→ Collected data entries
|---|

(* Let $n\ge1$ and $0\le k\le n$. There exists a nonempty finite multiset $\{\mathcal{B}_1,\dots,\mathcal{B}_s\}$ of quadratic monomial bases of $Z_k$ which is $X$-balanced, i.e. such that, counting each monomial $x_ax_b$ in each $\mathcal{B}_\ell$ with the exponents of its variables and summing over $\ell=1,\dots,s$, every variable $x_0,\dots,x_n$ occurs the same total number of times.
   Context: Let $x_i:=z^i$ for $0\le i\le n$, and $Z_k:=\operatorname{span}\{z^i: k\le i\le 2n-k\}\subset\mathbb{C}[z]$. A quadratic monomial basis of $Z_k$ is a set of monomials $x_ax_b$ ($0\le a\le b\le n$) whose images $z^{a+b}$ form a basis of $Z_k$, i.e. the map $x_ax_b\mapsto a+b$ is a bijection from the set onto $\{k,k+1,\dots,2n-k\}$. *)

theory Defs
  imports Main "HOL-Library.Multiset"
begin

text \<open>A monomial x_a x_b (0 <= a <= b <= n) is encoded as the pair (a,b) with a <= b.
  Its image in C[z] is z^(a+b).\<close>

definition quad_mon_basis :: "nat \<Rightarrow> nat \<Rightarrow> (nat \<times> nat) set \<Rightarrow> bool" where
  "quad_mon_basis n k B \<longleftrightarrow>
     (\<forall>(a, b) \<in> B. a \<le> b \<and> b \<le> n) \<and>
     bij_betw (\<lambda>(a, b). a + b) B {k..2 * n - k}"

definition var_occ :: "nat \<Rightarrow> nat \<times> nat \<Rightarrow> nat" where
  "var_occ i p = (if fst p = i then 1 else 0) + (if snd p = i then 1 else 0)"

definition total_occ :: "nat \<Rightarrow> (nat \<times> nat) set multiset \<Rightarrow> nat" where
  "total_occ i M = (\<Sum>B\<in>#M. \<Sum>p\<in>B. var_occ i p)"

definition X_balanced :: "nat \<Rightarrow> (nat \<times> nat) set multiset \<Rightarrow> bool" where
  "X_balanced n M \<longleftrightarrow> (\<forall>i\<le>n. \<forall>j\<le>n. total_occ i M = total_occ j M)"

end

theory Submission
  imports Defs
begin

(*
  Write occ i B for the number of occurrences of x_i in the monomials of a basis B, and call a
  multiset M of bases of Z_k (for the variables x_0..x_n) a balanced family of weight t > 0 if
  every variable occurs exactly t times in M.  Such families are constructed by strong induction
  on n, with m = n - k:

  * k = 0: the hook basis {x_0 x_d | d <= n} u {x_(d-n) x_n | d > n} together with n copies of
    the diagonal basis {x_(d div 2) x_(d - d div 2)} has weight 4n + 2.
  * Lifting: the maps (a,b) |-> (a, b + c) and (a,b) |-> (b, a + c) send bases of Z_K in the
    variables x_0..x_N to bases of Z_(K+c) in x_0..x_(N+c); applied to a balanced family they
    cover x_0..x_N and x_c..x_(N+c) equally often.
  * 2k > n: lifting families for (m, 0) by k and for (k-1, k-1-m) by m+1 covers every variable
    exactly twice in total.
  * 1 <= k, 2k <= n: the hooks H_j (j < k), using x_j for the degrees k..n and x_(n-j) for the
    degrees n+1..2n-k, taken n - 2j times each, cover the outer variables (m+1)n times and the
    middle ones x_k..x_m only 2k(m+1) times; a multiple of the lift of a family for (m, 0)
    makes up the difference.
*)

definition sort2 :: "nat \<times> nat \<Rightarrow> nat \<times> nat" where
  "sort2 p = (min (fst p) (snd p), max (fst p) (snd p))"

|---|

→ Task
Please state how many lines in the entries include the string "variables", giving no more than the number.

→ Completed exercise
4